Task data START
lemma skew_mult_eq_Sf_prod_mod_fpoly:
  assumes "degree p < m" "degree q < m"
  shows "\<exists>s. skew_mult \<sigma> p q = skew_mult \<sigma> s fpoly + Sf_prod p q"
proof
  let ?s = "\<Sum>i<m. \<Sum>j<m. if i + j < m then 0
              else monom (coeff p i * (\<sigma> ^^ i) (coeff q j)) (i + j - m)"
  have "skew_mult \<sigma> p q = (\<Sum>i\<le>m - 1. \<Sum>j\<le>m - 1. monom (coeff p i * (\<sigma> ^^ i) (coeff q j)) (i + j))"
    using assms by (intro skew_mult_eq_sum) auto
  also have "\<dots> = (\<Sum>i<m. \<Sum>j<m. monom (coeff p i * (\<sigma> ^^ i) (coeff q j)) (i + j))"
    using m_pos by (simp add: atMost_atLeast0 atLeastLessThanSuc_atLeastAtMost[symmetric] lessThan_atLeast0)
  also have "\<dots> = (\<Sum>i<m. \<Sum>j<m. (if i + j < m then 0
              else skew_mult \<sigma> (monom (coeff p i * (\<sigma> ^^ i) (coeff q j)) (i + j - m)) fpoly)
              + monom_mult (coeff p i) i (coeff q j) j)"
    by (intro sum.cong refl) (simp add: skew_mult_monom_fpoly monom_mult_def)
  also have "\<dots> = skew_mult \<sigma> ?s fpoly + Sf_prod p q"
    unfolding Sf_prod_def skew_mult_sum_left sum.distrib
    by (intro arg_cong2[where f="(+)"] sum.cong refl) auto
  finally show "skew_mult \<sigma> p q = skew_mult \<sigma> ?s fpoly + Sf_prod p q" .
qed

lemma Sf_mult_eq_Sf_prod:
  assumes "degree p < m" "degree q < m"
  shows "Sf_mult \<sigma> fpoly p q = Sf_prod p q"
proof -
  obtain s where "skew_mult \<sigma> p q = skew_mult \<sigma> s fpoly + Sf_prod p q"
    using skew_mult_eq_Sf_prod_mod_fpoly[OF assms] ..
  then show ?thesis
    unfolding Sf_mult_def by (rule skew_rmod_fpoly_eqI[OF degree_Sf_prod_less])
qed

subsection \<open>Division and irreducibility\<close>

text \<open>\<open>sigma_twist\<close> turns scalar multiplication into right multiplication by constants, so
  that the right \<open>K\<close>-linear left multiplications of \<open>S\<^sub>f\<close> become \<open>K\<close>-linear after conjugation.\<close>
definition sigma_twist :: "'k poly \<Rightarrow> 'k poly" where
  "sigma_twist u = (\<Sum>j<m. monom ((\<sigma> ^^ j) (coeff u j)) j)"

definition sigma_untwist :: "'k poly \<Rightarrow> 'k poly" where
  "sigma_untwist v = (\<Sum>k<m. monom ((\<sigma> ^^ (m - k)) (coeff v k)) k)"

lemma coeff_sigma_twist: "coeff (sigma_twist u) n = (if n < m then (\<sigma> ^^ n) (coeff u n) else 0)"
  by (simp add: sigma_twist_def coeff_sum_monom)

lemma coeff_sigma_untwist:
  "coeff (sigma_untwist v) n = (if n < m then (\<sigma> ^^ (m - n)) (coeff v n) else 0)"
  by (simp add: sigma_untwist_def coeff_sum_monom)

lemma degree_sigma_twist_less: "degree (sigma_twist u) < m"
  unfolding sigma_twist_def using m_pos by (rule degree_sum_monom_less)

lemma degree_sigma_untwist_less: "degree (sigma_untwist v) < m"
  unfolding sigma_untwist_def using m_pos by (rule degree_sum_monom_less)

lemma sigma_twist_untwist: "degree v < m \<Longrightarrow> sigma_twist (sigma_untwist v) = v"
  by (rule poly_eq_if_coeff_eq_below)
    (auto simp: degree_sigma_twist_less coeff_sigma_twist coeff_sigma_untwist funpow_sigma_complement)

lemma sigma_untwist_twist: "degree u < m \<Longrightarrow> sigma_untwist (sigma_twist u) = u"
  by (rule poly_eq_if_coeff_eq_below)
    (auto simp: degree_sigma_untwist_less coeff_sigma_twist coeff_sigma_untwist funpow_sigma_complement)

lemma sigma_twist_add: "sigma_twist (u + u') = sigma_twist u + sigma_twist u'"
  by (rule poly_eqI) (simp add: coeff_sigma_twist funpow_sigma_add)

lemma sigma_untwist_add: "sigma_untwist (v + v') = sigma_untwist v + sigma_untwist v'"
  by (rule poly_eqI) (simp add: coeff_sigma_untwist funpow_sigma_add)

lemma sigma_twist_smult: "sigma_twist (smult c u) = Sf_prod (sigma_twist u) [:c:]"
  unfolding Sf_prod_const_right
  by (rule poly_eqI)
    (simp add: coeff_sigma_twist right_scale_def coeff_sum_monom funpow_sigma_mult mult.commute)

lemma sigma_untwist_right_scale: "sigma_untwist (right_scale c v) = smult c (sigma_untwist v)"
  by (rule poly_eqI)
    (simp add: coeff_sigma_untwist right_scale_def coeff_sum_monom funpow_sigma_mult
      funpow_sigma_complement)

text \<open>Surjectivity of left multiplication is where finite dimensionality enters.\<close>
lemma bij_betw_Sf_prod_left:
  assumes right_inj: "\<And>h. degree h < m \<Longrightarrow> h \<noteq> 0 \<Longrightarrow> inj_on (\<lambda>x. Sf_prod x h) {p. degree p < m}"
    and a: "degree a < m" "a \<noteq> 0"
  shows "bij_betw (Sf_prod a) {p. degree p < m} {p. degree p < m}"
proof -
  let ?V = "{p :: 'k poly. degree p < m}"
  have inj: "inj_on (Sf_prod a) ?V"
  proof (rule inj_onI)
    fix x y assume x: "x \<in> ?V" and y: "y \<in> ?V" and eq: "Sf_prod a x = Sf_prod a y"
    show "x = y"
    proof (rule ccontr)
      assume "x \<noteq> y"
      moreover have "degree (x - y) < m"
        using x y degree_diff_le_max[of x y] by simp
      moreover have "Sf_prod a (x - y) = Sf_prod 0 (x - y)"
        using eq by (simp add: Sf_prod_diff_right)
      ultimately show False
        using inj_onD[OF right_inj[of "x - y"], of a 0] a m_pos by simp
    qed
  qed
  define T where "T u = sigma_untwist (Sf_prod a (sigma_twist u))" for u
  have twist_T: "sigma_twist (T u) = Sf_prod a (sigma_twist u)" for u
    by (simp add: T_def sigma_twist_untwist degree_Sf_prod_less)
  have "T ` ?V = ?V"
  proof (rule linear_inj_on_degree_less_imp_surj)
    show "T (x + y) = T x + T y" for x y
      by (simp add: T_def sigma_twist_add Sf_prod_add_right sigma_untwist_add)
    show "T (smult c x) = smult c (T x)" for c x
      unfolding T_def sigma_twist_smult Sf_prod_assoc_const_right
      by (simp only: Sf_prod_const_right sigma_untwist_right_scale)
    show "inj_on T ?V"
    proof (rule inj_onI)
      fix x y assume "x \<in> ?V" "y \<in> ?V" "T x = T y"
      then have "Sf_prod a (sigma_twist x) = Sf_prod a (sigma_twist y)"
        by (simp flip: twist_T)
      then have "sigma_untwist (sigma_twist x) = sigma_untwist (sigma_twist y)"
        using inj degree_sigma_twist_less by (auto dest: inj_onD)
      with \<open>x \<in> ?V\<close> \<open>y \<in> ?V\<close> show "x = y" by (simp add: sigma_untwist_twist)
    qed
  qed (simp_all add: T_def degree_sigma_untwist_less m_pos)
  have "Sf_prod a ` ?V = ?V"
  proof
    show "Sf_prod a ` ?V \<subseteq> ?V" using degree_Sf_prod_less by auto
    show "?V \<subseteq> Sf_prod a ` ?V"
    proof
      fix y assume y: "y \<in> ?V"
      have "sigma_untwist y \<in> T ` ?V"
        using \<open>T ` ?V = ?V\<close> degree_sigma_untwist_less by simp
      then obtain u where "T u = sigma_untwist y" by (metis imageE)
      then have "Sf_prod a (sigma_twist u) = y"
        using y by (simp flip: twist_T add: sigma_twist_untwist)
      then show "y \<in> Sf_prod a ` ?V" using degree_sigma_twist_less by blast
    qed
  qed
  with inj show ?thesis by (simp add: bij_betw_def)
qed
Task data END
> **Exercise aim**
Copy out only the lines above from the one with "u = (\<Sum>j<m." to the one with "(sigma_untwist v) n", inclusive, exactly as they stand.

> **Result**
  "sigma_twist u = (\<Sum>j<m. monom ((\<sigma> ^^ j) (coeff u j)) j)"

definition sigma_untwist :: "'k poly \<Rightarrow> 'k poly" where
  "sigma_untwist v = (\<Sum>k<m. monom ((\<sigma> ^^ (m - k)) (coeff v k)) k)"

lemma coeff_sigma_twist: "coeff (sigma_twist u) n = (if n < m then (\<sigma> ^^ n) (coeff u n) else 0)"
  by (simp add: sigma_twist_def coeff_sum_monom)

lemma coeff_sigma_untwist:
  "coeff (sigma_untwist v) n = (if n < m then (\<sigma> ^^ (m - n)) (coeff v n) else 0)"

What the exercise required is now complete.